**Directions for this task:**
A copy is needed of each line in the records that has the word "imports".

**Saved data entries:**
(* If $x\in\mathrm{Sort}_n(132,321)$, then $x$ avoids the pattern $123$.
   Context: A permutation contains a pattern $p$ if it has a subsequence order-isomorphic to $p$; otherwise it avoids $p$. For a set $T$ of patterns, the map $s_T$ is defined as follows: the entries of the input permutation are read from left to right, with an initially empty stack. At each step, if the input is nonempty and pushing the next input entry onto the stack produces a stack whose contents, read from top to bottom, avoid every pattern in $T$, that entry is pushed; otherwise the top entry of the stack is popped and appended to the output. When the input is exhausted, the remaining stack entries are popped one at a time to the output. Write $s_{\sigma,\tau}=s_{\{\sigma,\tau\}}$ and $s=s_{\{21\}}$ (West's stack-sorting map). $\mathrm{Sort}_n(\sigma,\tau)$ is the set of $x\in S_n$ with $s(s_{\sigma,\tau}(x))=12\cdots n$. *)

theory Defs
  imports Main
begin

definition perms :: "nat \<Rightarrow> nat list set" where
  "perms n = {x. distinct x \<and> set x = {1..n}}"

definition order_iso :: "nat list \<Rightarrow> nat list \<Rightarrow> bool" where
  "order_iso xs ys \<longleftrightarrow> length xs = length ys \<and>
     (\<forall>i<length xs. \<forall>j<length xs. (xs ! i < xs ! j) = (ys ! i < ys ! j))"
(* Consider the system \[ \begin{aligned} S_{msm}' &= \Pi_{msm} - a_{msm}(1-\varepsilon_{msm})\Big[\eta_{msm}\beta_M^M \tfrac{I_{msm}}{N^*_{msm}} + (1-\eta_{msm})\beta_F^M \tfrac{I_{hetf}}{N^*_{hetf}}\Big]S_{msm} - \mu S_{msm},\\ I_{msm}' &= a_{msm}(1-\varepsilon_{msm})\Big[\eta_{msm}\beta_M^M \tfrac{I_{msm}}{N^*_{msm}} + (1-\eta_{msm})\beta_F^M \tfrac{I_{hetf}}{N^*_{hetf}}\Big]S_{msm} - \mu I_{msm},\\ S_{hetf}' &= \Pi_{hetf} - a_{hetf}(1-\varepsilon_{hetf})\beta_M^F\Big[\alpha_{hetf}\tfrac{I_{msm}}{N^*_{msm}} + (1-\alpha_{hetf})\tfrac{I_{hetm}}{N^*_{hetm}}\Big]S_{hetf} - \mu S_{hetf},\\ I_{hetf}' &= a_{hetf}(1-\varepsilon_{hetf})\beta_M^F\Big[\alpha_{hetf}\tfrac{I_{msm}}{N^*_{msm}} + (1-\alpha_{hetf})\tfrac{I_{hetm}}{N^*_{hetm}}\Big]S_{hetf} - \mu I_{hetf},\\ S_{hetm}' &= \Pi_{hetm} - a_{hetm}(1-\varepsilon_{hetm})\beta_F^M \tfrac{I_{hetf}}{N^*_{hetf}} S_{hetm} - \mu S_{hetm},\\ I_{hetm}' &= a_{hetm}(1-\varepsilon_{hetm})\beta_F^M \tfrac{I_{hetf}}{N^*_{hetf}} S_{hetm} - \mu I_{hetm}, \end{aligned} \] where $N_j^*=S_j^*=\Pi_j/\mu$ for $j\in\{msm,hetf,hetm\}$. Let $\mathcal{E}_0$ be the disease-free equilibrium ($S_j=S_j^*$, $I_j=0$), let \[ \Omega^*=\{(S_{msm},I_{msm},S_{hetf},I_{hetf},S_{hetm},I_{hetm})\in\mathbb{R}^6_+ : S_{msm}+I_{msm}+S_{hetf}+I_{hetf}+S_{hetm}+I_{hetm}\le \Pi/\mu,\ S_j\le S_j^* \text{ for all } j\}, \] with $\Pi=\Pi_{msm}+\Pi_{hetf}+\Pi_{hetm}$, and let $\widehat{\mathbb{R}}_c=\rho(F\widehat V^{-1})$, where $\widehat V=\mu I_3$ and $F=\begin{bmatrix} f_{11} & f_{12} & 0\\ f_{21} & 0 & f_{23}\\ 0 & f_{32} & 0\end{bmatrix}$ with $f_{11}=a_{msm}(1-\varepsilon_{msm})\eta_{msm}\beta_M^M S_{msm}^*/N_{msm}^*$, $f_{12}=a_{msm}(1-\varepsilon_{msm})(1-\eta_{msm})\beta_F^M S_{msm}^*/N_{hetf}^*$, $f_{21}=a_{hetf}(1-\varepsilon_{hetf})\alpha_{hetf}\beta_M^F S_{hetf}^*/N_{msm}^*$, $f_{23}=a_{hetf}(1-\varepsilon_{hetf})(1-\alpha_{hetf})\beta_M^F S_{hetf}^*/N_{hetm}^*$, $f_{32}=a_{hetm}(1-\varepsilon_{hetm})\beta_F^M S_{hetm}^*/N_{hetf}^*$. If $\widehat{\mathbb{R}}_c<1$, then $\mathcal{E}_0$ is globally asymptotically stable in $\Omega^*$.
   Context: This is the special case, with no disease-induced mortality ($\delta_j=0$), of an HIV transmission model for men who have sex with men (msm), heterosexual females (hetf) and heterosexual males (hetm), in which (as the paper does for this special case) each group's total population $N_j(t)=S_j+I_j$, which satisfies $N_j'=\Pi_j-\mu N_j$ and hence tends to $\Pi_j/\mu$, is replaced in the incidence terms by its limiting value $N_j^*=\Pi_j/\mu$. Parameters: $\Pi_j>0$, $a_j>0$, $\varepsilon_j\in[0,1]$, $\mu>0$, $\beta_M^M,\beta_F^M,\beta_M^F\in[0,1]$, $\eta_{msm},\alpha_{hetf}\in[0,1]$; $\rho$ is the spectral radius. *)

theory Defs
  imports "HOL-Analysis.Analysis" "Jordan_Normal_Form.Spectral_Radius"
begin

**Written answer:**
  imports Main
  imports "HOL-Analysis.Analysis" "Jordan_Normal_Form.Spectral_Radius"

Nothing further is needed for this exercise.